Frances Young, Wilmuth Berwick, Gerald Berwick, Eva Huthinson, EvelynTripp.



During the summer of 1998 I went through a season of reevaluating my life, taking stock of where I had come from and where I wanted to focus my energy. Part of this process included a renewed interest in family history. I spoke to relatives, visited family gravesites, and visited the local library. Now in an effort to share what I uncovered through my amateur research, I decided to give this blogging thing a go.
I started at what I thought was Chases Mills Cemetery, but found out is actually Riverhill. I remembered coming here every memorial day with my mom as a small child, learning to walk gingerly around the graves of people I could not see and had never met, though their blood runs through my veins. I could sense my mother loved and held these in high regard. I remember the carpeting of tiny flowers that profusely covered a good deal of the upper left hand corner of the little old cemetery where my maternal Grandmother, clearly my mother’s most treasured departed one, rested peacefully. My mother called them May flowers and inevitably quoted, “April the showers bring May flowers”. When she was still with us I found her repetitive quotes annoying, especially as a teen. Not so much theses days.
Ever faithfully blooming down in the very lower left hand corner of the weary yet charming old graveyard, I intensely desired to pluck up some the sweet lily of the valley, but I understood it was forbidden to take flowers away from this place, and the tiny flowers appeared just the same every year. The rose bush was just as constant a friend, and every spring time blossomed delicately pink with the deeper pink buds. I loved he tiny buds the best. These were directly in back of the larger important looking headstone middle way down the same left hand side of the yard. I am surprised at the resiliency and enduring genetic heritage of such plants. The pink rose bush had always been there as long as my mother could remember, and in the spring of 2007, my three year old granddaughter saw them there. Revisiting the peaceful place after my mother’s passing eleven years earlier, these memories were my guide in that summer in 1998.
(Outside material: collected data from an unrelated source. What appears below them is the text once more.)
(* Let $V$ be the Volterra operator on $L^2[0,1]$ and let $0\neq f\in C[0,1]$. Then there exist a sequence $\{\lambda_k\}_{k\ge1}$ of positive numbers with $\lambda_k\to0$ and a number $d>0$ such that \[\|(\lambda_k-V)^{-1}f\|\ge e^{d/\lambda_k}\quad\text{for all }k\ge1.\]
   Context: $Vf(t)=\int_0^t f(s)\,ds$; the norm is the $L^2[0,1]$ norm. *)

theory Defs
  imports "HOL-Analysis.Analysis"
begin

text \<open>Elements of L^2[0,1] (complex scalars), represented by functions real => complex;
  only their values on [0,1] (up to null sets) matter.\<close>
definition L2_01 :: "(real \<Rightarrow> complex) set" where
  "L2_01 = {g. set_borel_measurable lborel {0..1} g \<and>
               set_integrable lborel {0..1} (\<lambda>t. (cmod (g t))^2)}"

definition L2_norm_01 :: "(real \<Rightarrow> complex) \<Rightarrow> real" where
  "L2_norm_01 g = sqrt (LINT t:{0..1}|lborel. (cmod (g t))^2)"

definition volterra :: "(real \<Rightarrow> complex) \<Rightarrow> real \<Rightarrow> complex" where
  "volterra g t = (LINT s:{0..t}|lborel. g s)"

definition is_resolvent_image :: "real \<Rightarrow> (real \<Rightarrow> complex) \<Rightarrow> (real \<Rightarrow> complex) \<Rightarrow> bool" where
  "is_resolvent_image lam f g \<longleftrightarrow> g \<in> L2_01 \<and>
     (AE t in lborel. t \<in> {0..1} \<longrightarrow> complex_of_real lam * g t - volterra g t = f t)"
text \<open>Advancing k times, the last time with a switch, and then D - k more times
  from p ends at \<open>2n - 1 - (p + k) + (D - k) \<equiv> D - p - 1 - 2k\<close> modulo 2n, so k
  only has to solve \<open>2k \<equiv> D - p - 1 - t\<close> modulo 2n, which is possible with
  1 \<le> k \<le> n when the right-hand side is even.\<close>

lemma exists_switch_point:
  assumes "n \<le> D" "even (D + p + 1 + t)" "t < 2*n"
  shows "\<exists>k. 1 \<le> k \<and> k \<le> n \<and> (mirror (p + k) + (D - k)) mod (2*n) = t"
proof -
  define X where "X = int D - int p - 1 - int t"
  have "even X" using assms(2) unfolding X_def by presburger
  then obtain y where y: "X = 2 * y" by (auto elim!: evenE)
  have npos: "(0::int) < int n" using n3 by simp
  define k0 where "k0 = nat (y mod int n)"
  define k where "k = (if k0 = 0 then n else k0)"
  have k0r: "int k0 = y mod int n" unfolding k0_def using npos by simp
  have k0n: "k0 < n" using k0r npos by (metis of_nat_less_iff pos_mod_bound)
  have k1: "1 \<le> k" "k \<le> n" using k0n n3 unfolding k_def by auto
  have dv: "int n dvd (y - int k)"
  proof (cases "k0 = 0")
    case True
    then show ?thesis unfolding k_def using k0r by auto
  next
    case False
    then have "int k = y mod int n" unfolding k_def using k0r by simp
    then show ?thesis by (simp add: mod_eq_dvd_iff[symmetric] mod_diff_eq[symmetric])
  qed
  define r where "r = (p + k) mod (2*n)"
  have r: "r < 2*n" "int r = int p + int k - 2 * int n * int ((p + k) div (2*n))"
    unfolding r_def using n3 apply simp
    by (metis add_diff_cancel_left' div_mult_mod_eq of_nat_add of_nat_mult of_nat_numeral mult.commute)
  define V where "V = mirror (p + k) + (D - k)"
  have "int V = 2 * int n - 1 - int r + int D - int k"
    unfolding V_def mirror_def r_def[symmetric] using r(1) k1 assms(1) by auto
  then have "int V - int t = 2 * int n * (1 + int ((p + k) div (2*n))) + 2 * (y - int k)"
    using r(2) y unfolding X_def by (simp add: algebra_simps)
  moreover have "2 * int n dvd 2 * (y - int k)" using dv by (rule mult_dvd_mono[OF dvd_refl])
  ultimately have "2 * int n dvd (int V - int t)" by simp
  then have "int V mod (2 * int n) = int t mod (2 * int n)" by (simp add: mod_eq_dvd_iff)
  then have "int (V mod (2*n)) = int t" using assms(3) by (simp add: zmod_int)
  then show ?thesis using k1 unfolding V_def by (intro exI[of _ k]) simp
qed

end

context orig_chain_target
begin
lemma additive_delta_pow: "(\<And>i. i < n \<Longrightarrow> additive (\<delta> i)) \<Longrightarrow> additive (delta_pow n \<delta> \<alpha>)"
proof (induction n)
  case (Suc n)
  then have "additive (delta_pow n \<delta> \<alpha>)" "additive (\<delta> n ^^ \<alpha> n)"
    by (simp_all add: additive_funpow)
  then show ?case
    by (simp add: delta_pow_Suc additive_def)
qed (simp add: additive_def)

lemma funpow_commute: "(\<And>x. f (g x) = g (f x)) \<Longrightarrow> (f ^^ k) (g x) = g ((f ^^ k) x)"
  by (induction k) simp_all

lemma delta_pow_commute:
  "(\<And>i x. i < n \<Longrightarrow> \<delta> i (g x) = g (\<delta> i x)) \<Longrightarrow> delta_pow n \<delta> \<alpha> (g x) = g (delta_pow n \<delta> \<alpha> x)"
  by (induction n arbitrary: x) (simp_all add: delta_pow_Suc funpow_commute)

lemma delta_pow_add:
  assumes "\<And>i j. i < n \<Longrightarrow> j < n \<Longrightarrow> \<delta> i \<circ> \<delta> j = \<delta> j \<circ> \<delta> i"
  shows "delta_pow n \<delta> (\<alpha> + \<beta>) = delta_pow n \<delta> \<alpha> \<circ> delta_pow n \<delta> \<beta>"
  using assms
proof (induction n)
  case (Suc n)
  have "\<delta> i ((\<delta> n ^^ \<alpha> n) x) = (\<delta> n ^^ \<alpha> n) (\<delta> i x)" if "i < n" for i x
  proof -
    have "\<delta> n (\<delta> i x) = \<delta> i (\<delta> n x)" for x
      using Suc.prems[of n i] that by (simp add: fun_eq_iff)
    then show ?thesis
      by (rule funpow_commute[symmetric])
  qed
  then have swap: "delta_pow n \<delta> \<beta> ((\<delta> n ^^ \<alpha> n) x) = (\<delta> n ^^ \<alpha> n) (delta_pow n \<delta> \<beta> x)" for x
    by (rule delta_pow_commute)
  have IH: "delta_pow n \<delta> (\<alpha> + \<beta>) = delta_pow n \<delta> \<alpha> \<circ> delta_pow n \<delta> \<beta>"
    by (intro Suc.IH Suc.prems) auto
  show ?case
    using IH by (simp add: fun_eq_iff delta_pow_Suc funpow_add swap plus_fun_def)
qed simp

lemma derivation_additive: "derivation D \<Longrightarrow> additive D"
  by (simp add: derivation_def additive_def)

lemma derivation_one: "derivation D \<Longrightarrow> D 1 = 0"
  unfolding derivation_def by (metis add_cancel_right_right mult_1 mult_1_right)

lemma derivation_mult_const_left: "derivation D \<Longrightarrow> D c = 0 \<Longrightarrow> D (c * a) = c * D a"
  by (simp add: derivation_def)

lemma derivation_mult_const_right: "derivation D \<Longrightarrow> D c = 0 \<Longrightarrow> D (a * c) = D a * c"
  by (simp add: derivation_def)

locale commuting_derivations =
  fixes n :: nat and \<delta> :: "nat \<Rightarrow> 'a::ring_1 \<Rightarrow> 'a"
  assumes derivation: "i < n \<Longrightarrow> derivation (\<delta> i)"
    and commute: "i < n \<Longrightarrow> j < n \<Longrightarrow> \<delta> i \<circ> \<delta> j = \<delta> j \<circ> \<delta> i"
begin

abbreviation D :: "(nat \<Rightarrow> nat) \<Rightarrow> 'a \<Rightarrow> 'a" where
  "D \<equiv> delta_pow n \<delta>"

abbreviation K :: "'a set" where
  "K \<equiv> const_ring n \<delta>"

lemma additive_D: "additive (D \<alpha>)"
  by (intro additive_delta_pow derivation_additive derivation)

lemmas D_add = additive.add[OF additive_D]
  and D_diff = additive.diff[OF additive_D]
  and D_zero = additive.zero[OF additive_D]
  and D_sum = additive.sum[OF additive_D]

lemma D_add_idx: "D (\<alpha> + \<beta>) = D \<alpha> \<circ> D \<beta>"
  by (intro delta_pow_add commute)

lemma D_unit: "i < n \<Longrightarrow> D (0(i := 1)) = \<delta> i"
  by (simp add: delta_pow_unit)
theorem lemma4p4:
  fixes n k :: nat and w u :: "nat set \<Rightarrow> real"
    and I :: "'i set" and x y :: "'i \<Rightarrow> nat"
  assumes "1 \<le> k" and "k \<le> n"
    and "\<And>i. i \<in> I \<Longrightarrow> x i \<in> {1..n} \<and> y i \<in> {1..n} \<and> x i \<noteq> y i"
    and "\<And>i j. i \<in> I \<Longrightarrow> j \<in> I \<Longrightarrow> i \<noteq> j \<Longrightarrow> {x i, y i} \<inter> {x j, y j} = {}"
  shows "\<exists>A :: nat \<Rightarrow> real. \<forall>p \<in> {0..1::real}.
    exp_random_subset I p
      (\<lambda>J. inner_k n k w u - inner_k n k (perm_act (tau_prod x y J) w) u)
    = (\<Sum>i\<in>I. inner_k n k w u - inner_k n k (perm_act (transpose (x i) (y i)) w) u) * p
      + (\<Sum>i=2..k. A i * p ^ i)"
proof (cases "finite I")
  case False
  \<comment> \<open>both sides are sums over infinite sets, hence \<open>0\<close>\<close>
  then show ?thesis by (intro exI[of _ "\<lambda>_. 0"]) (simp add: exp_random_subset_def)
next
  case True
  interpret disjoint_transpositions I x y using assms(4) by unfold_locales
  define F where "F = (\<lambda>J. inner_k n k w u - inner_k n k (perm_act (tau_prod x y J) w) u)"
  have F_eq: "F = (\<lambda>J. inner_k n k w u
      - (\<Sum>e\<in>ksubsets n k. (\<lambda>s. w s * u e) (inv (tau_prod x y J) ` e)))"
    by (simp add: F_def inner_k_def perm_act_def)
  have "perm_act id w = w" by (simp add: fun_eq_iff perm_act_def)
  then have "F {} = 0" by (simp add: F_def)
  moreover have "subset_moebius F K = 0" if "K \<subseteq> I" "k < card K" for K
    unfolding F_eq using that card_gt_0_iff[of K]
    by (intro subset_moebius_permuted_sum_eq_0) (auto simp: ksubsets_def intro: finite_subset)
  ultimately have low_degree: "exp_random_subset I p F = (\<Sum>i\<in>I. F {i}) * p
      + (\<Sum>m=2..k. (\<Sum>K\<in>{K\<in>Pow I. card K = m}. subset_moebius F K) * p ^ m)" for p
    by (rule exp_random_subset_low_degree[OF True assms(1)])
  have linear_coefficient: "(\<Sum>i\<in>I. inner_k n k w u - inner_k n k (perm_act (transpose (x i) (y i)) w) u)
      = (\<Sum>i\<in>I. F {i})"
    by (rule sum.cong) (simp_all add: F_def tau_prod_singleton)
  show ?thesis
    unfolding F_def[symmetric] linear_coefficient by (intro exI ballI) (rule low_degree)
qed

end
Aunt Martha and Aunt Eva both confirmed to me that although nothing but fragrant bunches of lilacs along with fresh faced daisies in coffee cans marked their graves seasonally, directly across from Grammy Emma and Grandfather Frank, Emma’s mother and father, Julia Marie Burns Ashe, and Walter Ashe were also laid to rest. So who were the rest of these marked graves that seemed significant during the childhood visits?
I took down the names and dates and it wasn’t long before I figured out five generations of Ashes were buried here. My mother, Evelyn Phoebe Berwick Tripp, since 1987 had joined the rest. Evelyn’s mother and father, Emma Bertha Davis Ashe Berwick, along with her husband Frank Bazil (Basil?) Berwick. Emma’s mom and dad with no grave markers at all were Walter R. Ashe and Julia Burns. Julia’s relatives are buried in Hebron, Maine, while Walter’s are, ah ha!, down in the lower left hand lily of the valley corner, Benjamin F. Ashe and Sarah Keen. Then the rose bush people were John Ashe, etched proudly on his tombstone is the phrase, “born in Scotland”, and Polly Richardson, apparently equally proudly, was “born in Buckfield”.